Ca a été interminable. Mais bon, de toutes manières j’avais du temps, c’était écouter ça, ou attendre un autre visiteur en buvant un xième café. Tous les gens de la clinique qui sont passés par la dans la matinée, m’ayant très gentiment offert un café, étant donné la situation géographique de l’espace associations, sis à l’entrée de la cafeteria.
Après ce long moment d’échanges , cette gratouillopathe obsessionnelle tournait toujours en rond autour de ses mêmes questions, dont les réponses données avec ma légendaire patience ne venaient pas à bout. Mon associée qui surveillait de loin ce fructueux échange, attendant de prendre son tour à la table d’accueil du public, m’a téléphoné : méfie toi, c’est une caméra cachée pour la télé, ou quoi ?
Sans oublier que ces consultations ouvertes à tous, étaient gratuites, bien évidemment, faveur d’un temps médical dont toutes les personnes qui sont venues ce matin m’ont semblé non seulement avoir conscience, mais avoir plaisir à exploiter, vu la rareté d’une telle situation, en particulier dans le privé ! .
Bonjour,
Six années ont passé depuis votre récit. Le mois de mars est-il toujours le mois de sensibilisation au dépistage du colon?

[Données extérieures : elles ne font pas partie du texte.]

lemma spt_pairs_smallest_odd:
  assumes "(s, D) \<in> spt_pairs j n" and "even n \<longleftrightarrow> odd (card D)"
  shows "odd s"
proof (rule ccontr)
  assume "\<not> odd s"
  with assms(1) have fin: "finite D" and odd_parts: "\<forall>x\<in>D. odd x" and sum: "j * s + \<Sum>D = n"
    by (auto simp: spt_pairs_iff)
  have "{x \<in> D. odd x} = D" using odd_parts by blast
  then have "even (\<Sum>D) \<longleftrightarrow> even (card D)"
    using even_sum_iff[OF fin, of "\<lambda>x. x"] by simp
  with \<open>\<not> odd s\<close> sum assms(2) show False by auto
qed

lemma set_mset_spt_partition:
  "j \<ge> 1 \<Longrightarrow> finite D \<Longrightarrow> set_mset (spt_partition j (s, D)) = insert s D"
  by (auto simp: spt_partition_def)

lemma spart_spt_partition:
  assumes "j \<ge> 1" "finite D" "\<forall>x\<in>D. s < x"
  shows "spart (spt_partition j (s, D)) = s"
  unfolding spart_def set_mset_spt_partition[OF assms(1,2)]
  using assms(2,3) by (intro Min_eqI) auto

lemma larger_parts_spt_partition:
  assumes "j \<ge> 1" "finite D" "\<forall>x\<in>D. s < x"
  shows "larger_parts (spt_partition j (s, D)) = card D"
proof -
  have "{x \<in> D. s < x} = D" using assms(3) by blast
  then show ?thesis
    unfolding larger_parts_def spart_spt_partition[OF assms]
    using assms(2) by (simp add: spt_partition_def)
qed

lemma spt_partition_spt_pair_of:
  assumes "p \<in> Sptj_do j n"
  shows "spt_partition j (spt_pair_of p) = p"
proof (rule multiset_eqI)
  fix x
  from assms have "p \<noteq> {#}" and count_spart: "count p (spart p) = j"
    and count_larger: "\<forall>x\<in>#p. spart p < x \<longrightarrow> count p x = 1"
    by (auto simp: Sptj_do_def)
  then have "spart p < x" if "x \<in># p" "x \<noteq> spart p" for x
    using that by (simp add: spart_def order.not_eq_order_implies_strict)
  moreover have "finite {y. y \<in># p \<and> spart p < y}"
    by (rule finite_subset[of _ "set_mset p"]) auto
  ultimately show "count (spt_partition j (spt_pair_of p)) x = count p x"
    using count_spart count_larger
    by (cases "x = spart p"; cases "x \<in># p")
      (auto simp: spt_pair_of_def spt_partition_def count_eq_zero_iff count_mset_set')
qed

lemma spt_pair_of_spt_partition:
  assumes "j \<ge> 1" "finite D" "\<forall>x\<in>D. s < x"
  shows "spt_pair_of (spt_partition j (s, D)) = (s, D)"
proof -
  have "{x \<in> D. s < x} = D" using assms(3) by blast
  then show ?thesis
    unfolding spt_pair_of_def spart_spt_partition[OF assms]
    using assms(2) by (auto simp: spt_partition_def)
qed

lemma bij_betw_spt_partition:
  assumes "j \<ge> 1"
  shows "bij_betw (spt_partition j) (spt_pairs j n) (Sptj_do j n)"
proof (rule bij_betw_byWitness[where f' = spt_pair_of])
  show "\<forall>a\<in>spt_pairs j n. spt_pair_of (spt_partition j a) = a"
    using spt_pair_of_spt_partition[OF assms] by (auto simp: spt_pairs_iff)
  show "\<forall>p\<in>Sptj_do j n. spt_partition j (spt_pair_of p) = p"
    using spt_partition_spt_pair_of by blast
  show "spt_partition j ` spt_pairs j n \<subseteq> Sptj_do j n"
  proof clarify
    fix s D assume "(s, D) \<in> spt_pairs j n"
    then have s: "0 < s" and fin: "finite D"
      and parts: "\<forall>x\<in>D. s < x \<and> (even x \<longleftrightarrow> odd s)" and sum: "j * s + \<Sum>D = n"
      by (auto simp: spt_pairs_iff)
    then have larger: "\<forall>x\<in>D. s < x" by blast
    let ?p = "spt_partition j (s, D)"
    have "set_mset ?p = insert s D" by (rule set_mset_spt_partition[OF assms fin])
    moreover have "sum_mset ?p = n"
      using sum by (simp add: spt_partition_def sum_unfold_sum_mset)
    moreover have "count ?p s = j" and "\<forall>x\<in>D. count ?p x = 1"
      using fin larger by (auto simp: spt_partition_def)
    ultimately show "?p \<in> Sptj_do j n"
      using s parts assms spart_spt_partition[OF assms fin larger]
      by (auto simp: Sptj_do_def partitions_def)
  qed
  show "spt_pair_of ` Sptj_do j n \<subseteq> spt_pairs j n"
  proof (rule image_subsetI)
    fix p assume p: "p \<in> Sptj_do j n"
    let ?s = "spart p" and ?D = "set_mset (filter_mset (\<lambda>x. spart p < x) p)"
    from p have "p \<noteq> {#}" and pos: "\<forall>x\<in>#p. 0 < x" and sum: "sum_mset p = n"
      and par: "\<forall>x\<in>#p. ?s < x \<longrightarrow> (even x \<longleftrightarrow> odd ?s)"
      by (auto simp: Sptj_do_def partitions_def)
    then have "0 < ?s" by (simp add: spart_def)
    moreover have "sum_mset (spt_partition j (spt_pair_of p)) = n"
      using sum spt_partition_spt_pair_of[OF p] by simp
    then have "j * ?s + \<Sum>?D = n"
      by (simp add: spt_pair_of_def spt_partition_def sum_unfold_sum_mset)
    ultimately show "spt_pair_of p \<in> spt_pairs j n"
      using par by (auto simp: spt_pair_of_def spt_pairs_iff)
  qed
qed

lemma card_Sptj_do_larger_parts:
  assumes "j \<ge> 1"
  shows "card {p \<in> Sptj_do j n. P (larger_parts p)} = card {(s, D) \<in> spt_pairs j n. P (card D)}"
proof -
  let ?A = "{(s, D) \<in> spt_pairs j n. P (card D)}"
  have bij: "bij_betw (spt_partition j) (spt_pairs j n) (Sptj_do j n)"
    using bij_betw_spt_partition[OF assms] .
  have larger: "larger_parts (spt_partition j a) = card (snd a)" if "a \<in> spt_pairs j n" for a
    using that larger_parts_spt_partition[OF assms] by (cases a) (auto simp: spt_pairs_iff)
  have "{p \<in> Sptj_do j n. P (larger_parts p)} = spt_partition j ` ?A"
  proof
    show "spt_partition j ` ?A \<subseteq> {p \<in> Sptj_do j n. P (larger_parts p)}"
      using bij_betw_imp_surj_on[OF bij] larger by auto
    show "{p \<in> Sptj_do j n. P (larger_parts p)} \<subseteq> spt_partition j ` ?A"
    proof clarify
      fix p assume "p \<in> Sptj_do j n" "P (larger_parts p)"
      then obtain a where "a \<in> spt_pairs j n" "p = spt_partition j a"
        using bij_betw_imp_surj_on[OF bij] by blast
      then show "p \<in> spt_partition j ` ?A"
        using \<open>P (larger_parts p)\<close> larger by (intro image_eqI) auto
    qed
  qed
  moreover have "inj_on (spt_partition j) ?A"
    using bij_betw_imp_inj_on[OF bij] by (rule inj_on_subset) auto
  ultimately show ?thesis by (simp add: card_image)
qed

Même si, nous n’avons pas assisté à une grande campagne d’info dans les médias, le dépistage systématique prend son essor. Les patients qui nous présentent 1 papier de la sécu, les invitant à venir chercher 1 test de dépistage chez leur médecin, sont de plus en plus nombreux et….ne posent pratiquement pas de question.
Les premières années, il fallait vraiment mouiller sa chemise pour bien expliquer aux patients :
– comment réaliser le test correctement
-quel était l’intérêt du test
-pourquoi il fallait réaliser 1 coloscopie si le test était positif
-pourquoi il fallait réaliser directement 1 coloscopie s’il y avait eu un antécédent de cancer du colon dans la famille
Petit à petit, ce dépistage semble rencontrer le même succès que celui de la mammographie.
Par contre, nous étions de nombreux médecins à être fort mécontents en novembre!!!
Pourquoi ?
En 2016, de façon très judicieuse, nous avons décidé de copier les Anglais: le mois de novembre est donc devenu « le mois d’arrêt du tabac ».
Le 24 novembre 2016, lors d’une soirée de formation médicale continue….dont le sujet était « arrêt du tabac et arrêt du cannabis », la pneumologue nous a malicieusement demandé « Qui dans la salle est au courant de la campagne actuelle d’arrêt du tabac ? ». Personne n’était au courant! Elle même ne l’avait appris que 5 jours plus tôt, lors d’un séminaire de pneumologie consacré aux stratégies d’arrêt du tabac….
Pour être honnête, l’ARS a quand même envoyé un mail à tous les médecins du département pour les informer de cette campagne : le mail nous a été adressé le vendredi 25 novembre…….Super efficace!!!